Армия предпочла воспользоваться санями. Зато — в количестве трех штук. Из головных на снег вышли два офицера. Подошли, посмотрели на убитых.
— Наши, — произнес один, помладше.
Словно могло быть иначе!
Николаев в несколько предложений сообщил о преступлении. Посмотрел на помощника и добавил:
— Вероятно, какие-то разборки внутри гарнизона. Судя по способу убийства, покойные явно не сопротивлялись и не ожидали подвоха. При уличном нападении картина совершенно иная. Я уже не говорю о мотивах и прочем. Удавку в драке никто не использует.
— У нас тяжких преступлений не бывает, — отчеканил офицер постарше. — Еще драка — ладно. Да и те редки. Виновные сразу наказываются, даже порою под суд идут.
— Что вы воображаете, гражданин Николаев? У нас — армия. Все на виду, — поддержал младший.
— Это… Произошло-то все не в казарме. Затаили зло, а в увольнительной свели счеты.
— Думайте, что говорите, — сурово произнес главный.
— Единственный вариант — потерпевшие навестили кого из знакомых. Раз вы говорите, будто уличной драки не было, — задумчиво добавил младший.
Становилось ясным — расследование на себя военные брать не будут. Им это тоже сто лет не надо. Вот и выдумывают предлоги и сказки о полной дисциплине.
— В любом случае надо опросить сослуживцев покойных. Вдруг кто что знает? Или — предполагает хотя бы.
Старший кивнул. Тут все было логичным.
— Забирайте тела, — обернулся он к сопровождавшим солдатам. — А вы можете ехать с нами. Сразу и проведете дознание. Я вам в помощь кого-нибудь из офицеров дам.
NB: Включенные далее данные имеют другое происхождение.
lemma fs_inner_commute:
  assumes "finite (supp \<psi>)" "finite (supp \<xi>)"
  shows "fs_inner \<psi> \<xi> = fs_inner \<xi> \<psi>"
  using assms
  by (simp add: fs_inner_eq_sum[of "supp \<psi> \<union> supp \<xi>"] mult.commute)

lemma fs_inner_indicator_right:
  "finite (supp \<psi>) \<Longrightarrow> fs_inner \<psi> (indicator {b}) = \<psi> b"
  by (subst fs_inner_eq_sum[of "insert b (supp \<psi>)"])
     (auto simp: supp_def indicator_def if_distrib cong: if_cong)

lemma fs_inner_zero_left [simp]: "fs_inner (\<lambda>x. 0) \<xi> = 0"
  by (simp add: fs_inner_def)

lemma fs_inner_self_nonneg: "0 \<le> fs_inner \<psi> \<psi>"
  unfolding fs_inner_def by (auto intro: sum_nonneg)

lemma fs_inner_Cauchy_Schwarz:
  assumes "finite (supp \<psi>)" "finite (supp \<xi>)"
  shows "\<bar>fs_inner \<psi> \<xi>\<bar> \<le> sqrt (fs_inner \<psi> \<psi>) * sqrt (fs_inner \<xi> \<xi>)"
proof -
  let ?F = "supp \<psi> \<union> supp \<xi>"
  have "(fs_inner \<psi> \<xi>)\<^sup>2 \<le> fs_inner \<psi> \<psi> * fs_inner \<xi> \<xi>"
    using assms Cauchy_Schwarz_ineq_sum[of \<psi> \<xi> ?F]
    by (simp add: fs_inner_eq_sum[of ?F] power2_eq_square)
  then show ?thesis
    by (metis real_sqrt_abs real_sqrt_le_mono real_sqrt_mult)
qed

lemma fs_inner_add_left:
  assumes "finite (supp \<psi>)" "finite (supp \<phi>)"
  shows "fs_inner (\<lambda>x. \<psi> x + \<phi> x) \<xi> = fs_inner \<psi> \<xi> + fs_inner \<phi> \<xi>"
  using assms supp_add[of \<psi> \<phi>]
  by (simp add: fs_inner_eq_sum[of "supp \<psi> \<union> supp \<phi>"] algebra_simps sum.distrib)

lemma fs_inner_scale_left: "fs_inner (\<lambda>x. c * \<psi> x) \<xi> = c * fs_inner \<psi> \<xi>"
proof (cases "c = 0")
  case False
  then have "supp (\<lambda>x. c * \<psi> x) = supp \<psi>" by (auto simp: supp_def)
  then show ?thesis by (simp add: fs_inner_def sum_distrib_left mult.assoc)
qed (simp add: fs_inner_def)

lemma fs_inner_add_right: "fs_inner \<psi> (\<lambda>x. \<xi> x + \<phi> x) = fs_inner \<psi> \<xi> + fs_inner \<psi> \<phi>"
  by (simp add: fs_inner_def algebra_simps sum.distrib)

lemma fs_inner_scale_right: "fs_inner \<psi> (\<lambda>x. c * \<xi> x) = c * fs_inner \<psi> \<xi>"
  by (simp add: fs_inner_def sum_distrib_left mult_ac)


section \<open>Hausdorff's moment problem on a symmetric interval\<close>

definition falling_fact :: "nat \<Rightarrow> nat \<Rightarrow> real" where
  "falling_fact j k = (\<Prod>l<k. real j - real l)"

lemma falling_fact_0 [simp]: "falling_fact j 0 = 1"
  by (simp add: falling_fact_def)

lemma falling_fact_eq_0: "j < k \<Longrightarrow> falling_fact j k = 0"
  unfolding falling_fact_def by (rule prod_zero) (auto intro!: bexI[of _ j])

lemma falling_fact_pos: "k \<le> n \<Longrightarrow> 0 < falling_fact n k"
  unfolding falling_fact_def by (intro prod_pos) auto

lemma falling_fact_eq_fact: "k \<le> j \<Longrightarrow> falling_fact j k = fact j / fact (j - k)"
proof (induct k)
  case (Suc k)
  then have "falling_fact j (Suc k) = fact j / fact (j - k) * (real j - real k)"
    by (simp add: falling_fact_def)
  also have "fact (j - k) = (real j - real k) * fact (j - Suc k)"
    using Suc.prems by (simp add: fact_reduce of_nat_diff)
  finally show ?case
    using Suc.prems by simp
qed simp

lemma binomial_falling_fact:
  assumes "k \<le> j" "j \<le> n"
  shows "real (n choose j) * falling_fact j k = falling_fact n k * real ((n - k) choose (j - k))"
proof -
  have "n - k - (j - k) = n - j" using assms by simp
  then show ?thesis
    using assms by (simp add: falling_fact_eq_fact binomial_fact field_simps)
qed

lemma smult_sum_right: "smult c (\<Sum>i\<in>S. f i) = (\<Sum>i\<in>S. smult c (f i))"
  by (induct S rule: infinite_finite_induct) (auto simp: smult_add_right)

text \<open>Factorial moments of the binomial distribution, as a polynomial identity.\<close>

lemma bernstein_falling_fact_sum:
  fixes a b :: "real poly"
  assumes ab: "a + b = 1"
  shows "(\<Sum>j\<le>n. smult (real (n choose j) * falling_fact j k) (a ^ j * b ^ (n - j)))
    = smult (falling_fact n k) (a ^ k)"
proof (cases "k \<le> n")
  case True
  let ?m = "n - k"
  have "(\<Sum>j\<le>n. smult (real (n choose j) * falling_fact j k) (a ^ j * b ^ (n - j)))
      = (\<Sum>j\<in>{k..n}. smult (falling_fact n k * real ((n - k) choose (j - k))) (a ^ j * b ^ (n - j)))"
    by (rule sum.mono_neutral_cong_right) (auto simp: falling_fact_eq_0 binomial_falling_fact)
  also have "\<dots> = (\<Sum>i\<le>?m. smult (falling_fact n k * real (?m choose i)) (a ^ (i + k) * b ^ (?m - i)))"
  proof -
    have "{k..n} = {0 + k..?m + k}" using True by simp
    then show ?thesis
      by (simp only: sum.shift_bounds_cl_nat_ivl atLeast0AtMost)
         (intro sum.cong refl; simp add: algebra_simps)
  qed
  also have "\<dots> = smult (falling_fact n k) (a ^ k * (\<Sum>i\<le>?m. of_nat (?m choose i) * a ^ i * b ^ (?m - i)))"
    by (simp add: sum_distrib_left smult_sum_right smult_smult of_nat_poly power_add mult_ac)
  also have "(\<Sum>i\<le>?m. of_nat (?m choose i) * a ^ i * b ^ (?m - i)) = 1"
    using binomial_ring[of a b ?m] ab by simp
  finally show ?thesis by simp
qed (simp add: falling_fact_eq_0)

lemma abs_prod_diff_le:
  fixes a b :: "nat \<Rightarrow> real"
  assumes "\<And>l. l < k \<Longrightarrow> \<bar>a l\<bar> \<le> 1" "\<And>l. l < k \<Longrightarrow> \<bar>b l\<bar> \<le> 1"
  shows "\<bar>(\<Prod>l<k. a l) - (\<Prod>l<k. b l)\<bar> \<le> (\<Sum>l<k. \<bar>a l - b l\<bar>)"
  using assms
proof (induct k)
  case (Suc k)
  have pb: "\<bar>\<Prod>l<k. b l\<bar> \<le> 1"
    using Suc.prems(2) unfolding abs_prod by (intro prod_le_1) auto
  have "(\<Prod>l<Suc k. a l) - (\<Prod>l<Suc k. b l)
      = ((\<Prod>l<k. a l) - (\<Prod>l<k. b l)) * a k + (\<Prod>l<k. b l) * (a k - b k)"
    by (simp add: algebra_simps)
  also have "\<bar>\<dots>\<bar> \<le> \<bar>(\<Prod>l<k. a l) - (\<Prod>l<k. b l)\<bar> * \<bar>a k\<bar> + \<bar>\<Prod>l<k. b l\<bar> * \<bar>a k - b k\<bar>"
    by (metis abs_mult abs_triangle_ineq)
  also have "\<dots> \<le> \<bar>(\<Prod>l<k. a l) - (\<Prod>l<k. b l)\<bar> * 1 + 1 * \<bar>a k - b k\<bar>"
    using Suc.prems pb by (intro add_mono mult_mono) auto
  also have "\<dots> \<le> (\<Sum>l<k. \<bar>a l - b l\<bar>) + \<bar>a k - b k\<bar>"
    using Suc by simp
  finally show ?case by simp
qed simp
Убитых небрежно погрузили на последние сани. Были люди, а теперь — как дрова.
Милиционеры радостно потянулись прочь. Им хорошо, могут куда забрести, погреться. А тут — поезжай, узнавай.
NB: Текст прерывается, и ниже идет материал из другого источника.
lemma right_boundary_eq_Union_internal_trees:
  assumes "full_binary_tree u V"
  shows "right_boundary u V = (\<Union>W\<in>internal_trees u V. leaves W \<inter> right_boundary u W)"
proof (intro equalityI subsetI)
  fix a assume "a \<in> right_boundary u V"
  then obtain k where a: "a = u @ replicate k True" "a \<in> V" unfolding right_boundary_def by blast
  then obtain W where "W \<in> internal_trees u V" "a \<in> leaves W"
    using vertex_is_leaf_of_internal_tree[OF assms] by blast
  then show "a \<in> (\<Union>W\<in>internal_trees u V. leaves W \<inter> right_boundary u W)"
    using a(1) unfolding right_boundary_def leaves_def by blast
qed (auto simp: internal_trees_def right_boundary_def)

lemma left_boundary_eq_Union_internal_trees:
  assumes "full_binary_tree u V"
  shows "left_boundary u V = (\<Union>W\<in>internal_trees u V. leaves W \<inter> left_boundary u W)"
proof (intro equalityI subsetI)
  fix b assume "b \<in> left_boundary u V"
  then obtain k where b: "b = u @ replicate k False" "b \<in> V" unfolding left_boundary_def by blast
  then obtain W where "W \<in> internal_trees u V" "b \<in> leaves W"
    using vertex_is_leaf_of_internal_tree[OF assms] by blast
  then show "b \<in> (\<Union>W\<in>internal_trees u V. leaves W \<inter> left_boundary u W)"
    using b(1) unfolding left_boundary_def leaves_def by blast
qed (auto simp: internal_trees_def left_boundary_def)

lemma succ_trans_split_at_root:
  assumes "complete_binary_tree r V"
  shows "succ_trans r V =
    (\<Union>W1\<in>internal_trees (lchild r) (subtree_at V (lchild r)).
     \<Union>W2\<in>internal_trees (rchild r) (subtree_at V (rchild r)).
       leaf_transitions W1 \<union> leaf_transitions W2
       \<union> (leaves W1 \<inter> right_boundary (lchild r) W1) \<times> (leaves W2 \<inter> left_boundary (rchild r) W2))"
proof -
  have fin: "finite V" and full: "full_binary_tree r V"
    using assms unfolding complete_binary_tree_def by auto
  have join: "leaf_transitions (insert r (W1 \<union> W2)) = leaf_transitions W1 \<union> leaf_transitions W2
      \<union> (leaves W1 \<inter> right_boundary (lchild r) W1) \<times> (leaves W2 \<inter> left_boundary (rchild r) W2)"
    if "W1 \<in> internal_trees (lchild r) (subtree_at V (lchild r))"
      "W2 \<in> internal_trees (rchild r) (subtree_at V (rchild r))" for W1 W2
  proof -
    have "W1 \<subseteq> V" "W2 \<subseteq> V" "full_binary_tree (lchild r) W1" "full_binary_tree (rchild r) W2"
      using that subtree_at_subset unfolding internal_trees_def by blast+
    then show ?thesis using leaf_transitions_join finite_subset fin by blast
  qed
  have "succ_trans r V = (\<Union>W1\<in>internal_trees (lchild r) (subtree_at V (lchild r)).
      \<Union>W2\<in>internal_trees (rchild r) (subtree_at V (rchild r)). leaf_transitions (insert r (W1 \<union> W2)))"
    unfolding succ_trans_eq_Union_leaf_transitions[OF fin] internal_trees_split[OF full]
    by (auto simp: leaf_transitions_singleton)
  then show ?thesis by (simp add: join)
qed

lemma UN_UN_Un_Times:
  assumes "A \<noteq> {}" "B \<noteq> {}"
  shows "(\<Union>x\<in>A. \<Union>y\<in>B. f x \<union> g y \<union> h x \<times> k y)
         = (\<Union>x\<in>A. f x) \<union> (\<Union>y\<in>B. g y) \<union> (\<Union>x\<in>A. h x) \<times> (\<Union>y\<in>B. k y)"
  using assms by blast

theorem mainTheorem5:
  fixes r :: "bool list" and V :: "bool list set"
  assumes "complete_binary_tree r V"
    and "lchild r \<in> V" and "rchild r \<in> V"
  shows "succ_trans r V =
           succ_trans (lchild r) (subtree_at V (lchild r))
         \<union> succ_trans (rchild r) (subtree_at V (rchild r))
         \<union> (right_boundary (lchild r) (subtree_at V (lchild r))
              \<times> left_boundary (rchild r) (subtree_at V (rchild r)))"
proof -
  let ?VL = "subtree_at V (lchild r)" and ?VR = "subtree_at V (rchild r)"
  have fin: "finite ?VL" "finite ?VR" and full: "full_binary_tree r V"
    using assms(1) finite_subset[OF subtree_at_subset] unfolding complete_binary_tree_def by auto
  have full_L: "full_binary_tree (lchild r) ?VL" and full_R: "full_binary_tree (rchild r) ?VR"
    using full_binary_tree_subtree_at[OF full] assms(2,3) by auto
  show ?thesis
    unfolding succ_trans_split_at_root[OF assms(1)]
    using internal_trees_nonempty[OF full_L] internal_trees_nonempty[OF full_R]
    by (simp add: UN_UN_Un_Times succ_trans_eq_Union_leaf_transitions fin
        right_boundary_eq_Union_internal_trees[OF full_L] left_boundary_eq_Union_internal_trees[OF full_R])
qed

end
Все-таки летом работать намного легче.
Капитан Питер Грэвс с утра пребывал в самом плохом расположении духа. Если говорить точнее — с того самого момента, когда дежурный сержант сообщил о пропаже троих солдат. Во второй половине прошедшего дня они отправились в город на поиски доступных женщин и с тех пор как сквозь землю провалились.
Нет, задержка по такому поводу — вещь вполне объяснимая, просто в душе капитана родилось какое-то тяжелое предчувствие. Тут еще грозные телеграммы от начальства накануне. Понятное дело, убытки большие, практически — целое состояние, а следов похищенного не обнаружено, вот наверху и мечут молнии. Тут бы по-хорошему сорвать зло на своих подчиненных, переместить его вниз по служебной лестнице, а те еще устраивают такое!
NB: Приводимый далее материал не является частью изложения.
lemma ghost_res:
  assumes "t \<le> k" "k \<le> l"
  shows "ghost p k t (res p l k a) = ghost p l t a"
  using assms(1)
proof (induction t rule: inc_induct)
  case base
  show ?case by (simp add: ghost_top res_def ghost_def)
next
  case (step t)
  have "ghost p k t (res p l k a) = int p ^ (l - k) * a t * int p ^ (k - t) + ghost p l (Suc t) a"
    using step by (simp add: ghost_step res_def)
  also have "int p ^ (l - k) * a t * int p ^ (k - t) = a t * int p ^ (l - t)"
    using step assms(2) by (simp add: power_add[symmetric])
  finally show ?case using step assms(2) by (simp add: ghost_step)
qed

lemma res_carrier: "res p l k a \<in> Rcarrier k"
  by (simp add: Rcarrier_def res_def)

lemma jnd_carrier: "k \<le> l \<Longrightarrow> jnd p l k a \<in> Rcarrier l"
  by (simp add: Rcarrier_def jnd_def)

lemma ind_carrier: "k \<le> l \<Longrightarrow> ind l k a \<in> Rcarrier l"
  by (simp add: Rcarrier_def ind_def)

lemma Rmult_carrier: "Rmult p k a b \<in> Rcarrier k"
  by (simp add: Rcarrier_def Rmult_def)

lemma res_self:
  assumes "p > 0" "a \<in> Rcarrier k"
  shows "res p k k a = a"
  using assms by (intro ghost_injective[of p]) (auto simp: res_carrier intro: ghost_res)

lemma res_res:
  assumes "p > 0" "i \<le> m" "m \<le> k"
  shows "res p m i (res p k m a) = res p k i a"
  using assms by (intro ghost_injective[of p _ i]) (simp_all add: ghost_res res_carrier)

lemma res_Rmult:
  assumes "p > 0" "k \<le> l"
  shows "res p l k (Rmult p l a b) = Rmult p k (res p l k a) (res p l k b)"
  using assms by (intro ghost_injective[of p _ k])
    (simp_all add: ghost_res ghost_Rmult res_carrier Rmult_carrier)

lemma power_dvd_diff_power:
  fixes x y :: int
  assumes "int p ^ e dvd x - y" "1 \<le> e"
  shows "int p ^ Suc e dvd x ^ p - y ^ p"
proof -
  have "int p dvd int p ^ e"
    using assms(2) by simp
  then have "int p dvd x - y"
    using assms(1) dvd_trans by blast
  then have xy: "[x = y] (mod int p)"
    by (simp add: cong_iff_dvd_diff)
  define S where "S = (\<Sum>i<p. y ^ (p - Suc i) * x ^ i)"
  have "[S = (\<Sum>i<p. y ^ (p - Suc i) * y ^ i)] (mod int p)"
    unfolding S_def by (intro cong_sum cong_mult cong_pow xy cong_refl)
  also have "(\<Sum>i<p. y ^ (p - Suc i) * y ^ i) = int p * y ^ (p - 1)"
    by (simp add: power_add[symmetric])
  finally have "int p dvd S"
    by (metis cong_dvd_iff dvd_triv_left)
  then have "int p ^ e * int p dvd (x - y) * S"
    using assms(1) by (simp add: mult_dvd_mono)
  then show ?thesis
    unfolding S_def by (simp only: power_diff_sumr2 power_Suc2)
qed

lemma fermat_little_int:
  assumes "prime p"
  shows "int p dvd a ^ p - a"
proof -
  have p0: "p > 0" using assms prime_gt_0_nat by blast
  define b where "b = nat (a mod int p)"
  have ab: "[a = int b] (mod int p)"
    using p0 by (simp add: b_def cong_def)
  have "[b ^ p = b] (mod p)"
  proof (cases "p dvd b")
    case True
    then show ?thesis
      using p0 by (simp add: cong_def) (metis dvd_imp_mod_0 dvd_power dvd_trans)
  next
    case False
    then have "[b ^ (p - 1) * b = 1 * b] (mod p)"
      by (intro cong_scalar_right fermat_theorem assms)
    moreover have "b ^ (p - 1) * b = b ^ p"
      using p0 by (simp add: power_Suc2[symmetric])
    ultimately show ?thesis by simp
  qed
  then have "[int b ^ p = int b] (mod int p)"
    by (metis cong_int_iff of_nat_power)
  then have "[a ^ p = a] (mod int p)"
    by (meson ab cong_pow cong_sym cong_trans)
  then show ?thesis
    by (simp add: cong_iff_dvd_diff)
qed

lemma ghost_jnd:
  assumes "prime p" "t \<le> n"
  shows "ghost p (Suc n) t (jnd p (Suc n) n a) = ghost p n t a ^ p"
  using assms(2)
proof (induction t rule: inc_induct)
  case base
  have "int p dvd a n ^ p - a n"
    by (rule fermat_little_int[OF assms(1)])
  then have "(a n ^ p - a n) div int p * int p + a n = a n ^ p"
    by simp
  then show ?case
    by (simp add: ghost_step ghost_top jnd_def)
next
  case (step t)
  let ?G = "\<lambda>t. ghost p n t a"
  have "int p ^ (n - t) dvd ?G t - ?G (Suc t)"
    using step by (simp add: ghost_step)
  then have "int p ^ Suc (n - t) dvd ?G t ^ p - ?G (Suc t) ^ p"
    using step by (intro power_dvd_diff_power) auto
  moreover have "jnd p (Suc n) n a t = (?G t ^ p - ?G (Suc t) ^ p) div int p ^ Suc (n - t)"
    using step by (simp add: jnd_def ghost_def Suc_diff_le)
  ultimately have "jnd p (Suc n) n a t * int p ^ (Suc n - t) + ?G (Suc t) ^ p = ?G t ^ p"
    using step by (simp add: Suc_diff_le)
  then show ?case
    using step by (simp add: ghost_step)
qed

fun Rpower :: "nat \<Rightarrow> nat \<Rightarrow> (nat \<Rightarrow> int) \<Rightarrow> nat \<Rightarrow> (nat \<Rightarrow> int)" where
  "Rpower p n a 0 = (\<lambda>i. if i = n then 1 else 0)"
| "Rpower p n a (Suc e) = Rmult p n (Rpower p n a e) a"

lemma Rpower_carrier: "Rpower p n a e \<in> Rcarrier n"
  by (cases e) (simp_all add: Rmult_carrier, simp add: Rcarrier_def)

lemma ghost_Rpower:
  assumes "t \<le> n"
  shows "ghost p n t (Rpower p n a e) = ghost p n t a ^ e"
proof (induction e)
  case 0
  have "ghost p n t (Rpower p n a 0) = (\<Sum>i\<in>{t..n}. if i = n then 1 else 0)"
    unfolding ghost_def by (rule sum.cong) auto
  then show ?case using assms by simp
qed (simp add: ghost_Rmult assms)

lemma res_jnd:
  assumes "prime p"
  shows "res p (Suc n) n (jnd p (Suc n) n a) = Rpower p n a p"
  using assms
  by (intro ghost_injective[of p _ n])
     (simp_all add: ghost_res ghost_jnd ghost_Rpower prime_gt_0_nat res_carrier Rpower_carrier)

lemma res_ind:
  assumes "a \<in> Rcarrier n"
  shows "res p (Suc n) n (ind (Suc n) n a) = (\<lambda>i. int p * a i)"
  using assms by (auto simp: res_def ind_def Rcarrier_def)

lemma is_ideal_smult:
  assumes "is_ideal p k I" "x \<in> I"
  shows "(\<lambda>i. int c * x i) \<in> I"
proof (induction c)
  case 0
  then show ?case using assms(1) by (simp add: is_ideal_def)
next
  case (Suc c)
  then have "(\<lambda>i. int c * x i + x i) \<in> I"
    using assms by (simp add: is_ideal_def)
  then show ?case by (simp add: algebra_simps)
qed

lemma res_add: "res p l k (\<lambda>i. x i + y i) = (\<lambda>j. res p l k x j + res p l k y j)"
  by (auto simp: res_def sum.distrib algebra_simps)

lemma res_uminus: "res p l k (\<lambda>i. - x i) = (\<lambda>j. - res p l k x j)"
  by (auto simp: res_def sum_negf)

lemma res_zero: "res p l k (\<lambda>i. 0) = (\<lambda>j. 0)"
  by (auto simp: res_def)

lemma is_ideal_res_preimage:
  assumes "p > 0" "k \<le> l" "is_ideal p k J"
  shows "is_ideal p l {a \<in> Rcarrier l. res p l k a \<in> J}"
  unfolding is_ideal_def
proof (intro conjI ballI)
  fix c x assume "c \<in> Rcarrier l" "x \<in> {a \<in> Rcarrier l. res p l k a \<in> J}"
  then show "Rmult p l c x \<in> {a \<in> Rcarrier l. res p l k a \<in> J}"
    using assms by (simp add: is_ideal_def res_Rmult Rmult_carrier res_carrier)
qed (use assms in \<open>auto simp: is_ideal_def Rcarrier_def res_zero res_add res_uminus\<close>)

lemma ind_res_preimage:
  assumes "is_ideal p n J"
  shows "ind (Suc n) n ` J \<subseteq> {a \<in> Rcarrier (Suc n). res p (Suc n) n a \<in> J}"
proof
  fix y assume "y \<in> ind (Suc n) n ` J"
  then obtain x where "x \<in> J" "y = ind (Suc n) n x" by blast
  moreover have "x \<in> Rcarrier n" "(\<lambda>i. int p * x i) \<in> J"
    using assms \<open>x \<in> J\<close> by (auto simp: is_ideal_def intro: is_ideal_smult)
  ultimately show "y \<in> {a \<in> Rcarrier (Suc n). res p (Suc n) n a \<in> J}"
    by (simp add: ind_carrier res_ind)
qed

lemma jnd_res_preimage:
  assumes "prime p" "is_ideal p n J"
  shows "jnd p (Suc n) n ` J \<subseteq> {a \<in> Rcarrier (Suc n). res p (Suc n) n a \<in> J}"
proof
  fix y assume "y \<in> jnd p (Suc n) n ` J"
  then obtain x where x: "x \<in> J" "y = jnd p (Suc n) n x" by blast
  have "Rpower p n x p = Rmult p n (Rpower p n x (p - 1)) x"
    using assms(1) prime_gt_0_nat by (metis Rpower.simps(2) Suc_diff_1)
  also have "\<dots> \<in> J"
    using assms(2) x(1) Rpower_carrier by (simp add: is_ideal_def)
  finally show "y \<in> {a \<in> Rcarrier (Suc n). res p (Suc n) n a \<in> J}"
    using x assms(1) by (simp add: jnd_carrier res_jnd)
qed

lemma is_Omega_ideal_Lift:
  assumes "prime p" "is_Omega_ideal p n I"
  shows "is_Omega_ideal p (Suc n) (Lift p (Suc n) I)"
proof -
  let ?J = "{a \<in> Rcarrier (Suc n). res p (Suc n) n a \<in> I n}"
  have In: "is_ideal p n (I n)"
    using assms(2) by (simp add: is_Omega_ideal_def)
  have "is_ideal p (Suc n) ?J"
    using assms(1) In by (intro is_ideal_res_preimage) (simp_all add: prime_gt_0_nat)
  moreover have "ind (Suc n) n ` I n \<subseteq> ?J" "jnd p (Suc n) n ` I n \<subseteq> ?J"
    using assms(1) In by (simp_all add: ind_res_preimage jnd_res_preimage)
  moreover have "res p (Suc n) n ` ?J \<subseteq> I n"
    by auto
  ultimately show ?thesis
    using assms(2) unfolding is_Omega_ideal_def Lift_def
    by (auto simp: le_Suc_eq)
qed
Сержанту, разумеется, перепало по полной программе, хотя прозвучавший набор слов не шел ни в какое сравнение с тем, что должны были услышать пропавшие гуляки. Причем количество предполагаемых слов и кар росло с течением времени.
Ближе к полудню Грэвс позвонил в местную комендатуру. Вдруг аборигены обнаглели настолько, что придрались к какой-нибудь ерунде и арестовали солдат? Но нет, в комендатуре сразу заявили — никаких чужих военнослужащих патрули не доставляли. И вообще, согласно договорам, уставам, правилам, законам и прочему, на иностранцев никто не обращает внимания. Разве можно доставлять неприятности союзникам, а если честно — истинным хозяевам огромного богатого государства?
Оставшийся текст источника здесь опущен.